Top languages in global information production

Sergey Lobachev
Casual Reference Librarian
London Public Library, ON


The amount of information produced around the world has grown rapidly during recent decades. The advancement of digital technology contributed to this growth by providing a solution for effective storage of large amounts of data. It was estimated that at the beginning of the new millennium information available in print, film, optical and magnetic formats was equivalent to about "250 megabytes for each man, woman, and child on earth" (Varian and Lyman). This statistic may create a false impression that availability of information is also growing. However, there are many barriers which prevent access to information resources. The so-called "Digital Divide" is the most well-known and most discussed issue in library literature, but it is certainly not the only one (Aqili and Moghaddam; James; Berube, etc.).

This paper attempts to examine global information production from a cultural perspective. Its goal is to answer the question: "Which languages are most widely used in the production and dissemination of information?" In other words, if we were to gather all books, journals, films and web pages published and created on the planet, what part of this huge collection would be available in English, French, Spanish, Chinese and other languages? One might agree that English would be at the top of the list, but what language would follow it? What would the top ten languages be? What percentage of overall information resources might each language comprise?

Answering these questions will enable us to better understand the diversity of the information universe and to determine current trends in global information production.

Methods and Data

Information exists in numerous formats. The scope of this research was limited to those information sources which are commonly available through the public domain, i. e. libraries and the Internet. These include books, academic journals, newspapers and popular magazines, films, and web pages. Government documents, archival materials, technical documentation, and computer files were excluded from this analysis, although they constitute the major part of global information resources (Varian and Lyman). The overall goal was not to provide precise and comprehensive data (an enormously difficult task), but rather to give a sense of the kind of information environment in which we are living. Obtaining relative results was more important than calculating statistics.

The first step was to determine the distribution of different languages for each type of information resource. This data was summarized and compared to the percentage of the world's literate population using each corresponding language.
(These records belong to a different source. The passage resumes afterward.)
lemma subst_zero_mult: "subst_zero v (p * q) = subst_zero v p * subst_zero v q"
proof -
  let ?P = "Poly_Mapping.keys p" and ?Q = "Poly_Mapping.keys q"
  let ?mon = "\<lambda>p m. Poly_Mapping.single m (Poly_Mapping.lookup p m)"
  have pq: "p * q = (\<Sum>m\<in>?P. \<Sum>n\<in>?Q. ?mon p m * ?mon q n)"
    by (subst (1 2) sum_single_lookup[symmetric]) (simp add: sum_product)
  have p: "subst_zero v p = (\<Sum>m\<in>?P. subst_zero v (?mon p m))"
    by (subst sum_single_lookup[symmetric, of p]) (simp add: subst_zero_sum)
  have q: "subst_zero v q = (\<Sum>n\<in>?Q. subst_zero v (?mon q n))"
    by (subst sum_single_lookup[symmetric, of q]) (simp add: subst_zero_sum)
  show ?thesis
    unfolding pq p q sum_product subst_zero_sum
    by (intro sum.cong refl) (auto simp: mult_single subst_zero_single lookup_add)
qed

lemma subst_zero_of_int [simp]: "subst_zero v (of_int c) = of_int c"
  by (metis single_of_int subst_zero_single lookup_zero)

lemma subst_zero_1 [simp]: "subst_zero v 1 = 1"
  using subst_zero_of_int[of v 1] by simp

lemma subst_zero_prod: "subst_zero v (prod f A) = (\<Prod>x\<in>A. subst_zero v (f x))"
  by (induction A rule: infinite_finite_induct) (auto simp: subst_zero_mult)

lemma subst_zero_Var: "subst_zero v (Var i) = (if i = v then 0 else Var i)"
  by (simp add: Var_def subst_zero_single lookup_single)

section \<open>Elementary symmetric polynomials\<close>

lemma esym_seq_Nil [simp]: "esym_seq V [] = 1"
  by (simp add: esym_seq_def)

lemma esym_seq_Cons [simp]: "esym_seq V (r # p) = esym V r * esym_seq V p"
  by (simp add: esym_seq_def)

lemma subst_zero_esym:
  assumes "finite V"
  shows "subst_zero v (esym V r) = esym (V - {v}) r"
proof -
  have "subst_zero v (\<Prod>i\<in>T. Var i) = (if v \<in> T then 0 else \<Prod>i\<in>T. Var i)"
    if "T \<subseteq> V" for T
    using finite_subset[OF that assms] by (auto simp: subst_zero_prod subst_zero_Var intro: prod.cong)
  then have "subst_zero v (esym V r) =
      (\<Sum>T\<in>{T. T \<subseteq> V \<and> card T = r}. if v \<in> T then 0 else \<Prod>i\<in>T. Var i)"
    by (simp add: esym_def subst_zero_sum)
  also have "\<dots> = esym (V - {v}) r"
    unfolding esym_def by (rule sum.mono_neutral_cong_right) (use assms in auto)
  finally show ?thesis .
qed

lemma subst_zero_esym_seq:
  "finite V \<Longrightarrow> subst_zero v (esym_seq V p) = esym_seq (V - {v}) p"
  by (induction p) (simp_all add: subst_zero_mult subst_zero_esym)

lemma esym_eq_0:
  assumes "finite V" "card V < r"
  shows "esym V r = 0"
proof -
  have "card T \<le> card V" if "T \<subseteq> V" for T
    using card_mono[OF assms(1) that] .
  then have no_subsets: "{T. T \<subseteq> V \<and> card T = r} = {}"
    using assms(2) by (auto dest: leD)
  show ?thesis
    unfolding esym_def no_subsets by simp
qed

lemma esym_seq_eq_0: "finite V \<Longrightarrow> r \<in> set p \<Longrightarrow> card V < r \<Longrightarrow> esym_seq V p = 0"
  by (induction p) (auto simp: esym_eq_0)

lemma esym_0:
  assumes "finite V"
  shows "esym V 0 = 1"
proof -
  have "{T. T \<subseteq> V \<and> card T = 0} = {{}}"
    using assms by (auto dest: finite_subset)
  then show ?thesis
    by (simp add: esym_def)
qed

lemma esym_card:
  assumes "finite V"
  shows "esym V (card V) = (\<Prod>i\<in>V. Var i)"
proof -
  have "{T. T \<subseteq> V \<and> card T = card V} = {V}"
    using assms card_subset_eq by auto
  then show ?thesis
    by (simp add: esym_def)
qed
Literacy was considered a minimum requirement for accessing and using information, which in most cases is composed of textual characters. Exceptions might include audio, video, and graphic materials. This comparison permitted an estimate of the discrepancy between the population which is potentially capable of using information and the amount of information available in different languages.

The following data were collected for the various information formats.


The UNESCO Institute for Statistics (UIS) remains the only organization which provides relatively reliable numbers about global book publishing (UNESCO Institute for Statistics). The UIS collects publishing data from questionnaires distributed every second year to all member states of UNESCO. Information on non-member states and territories is collected from other sources. The disadvantages of this method are similar to those affecting all survey research. They include non-response, delays, misinterpretation of questions and unavailability of data due to political or economic circumstances (Altbach and Hoshino 165). In general, the response rate tends to be higher for countries with more planned or controlled economies.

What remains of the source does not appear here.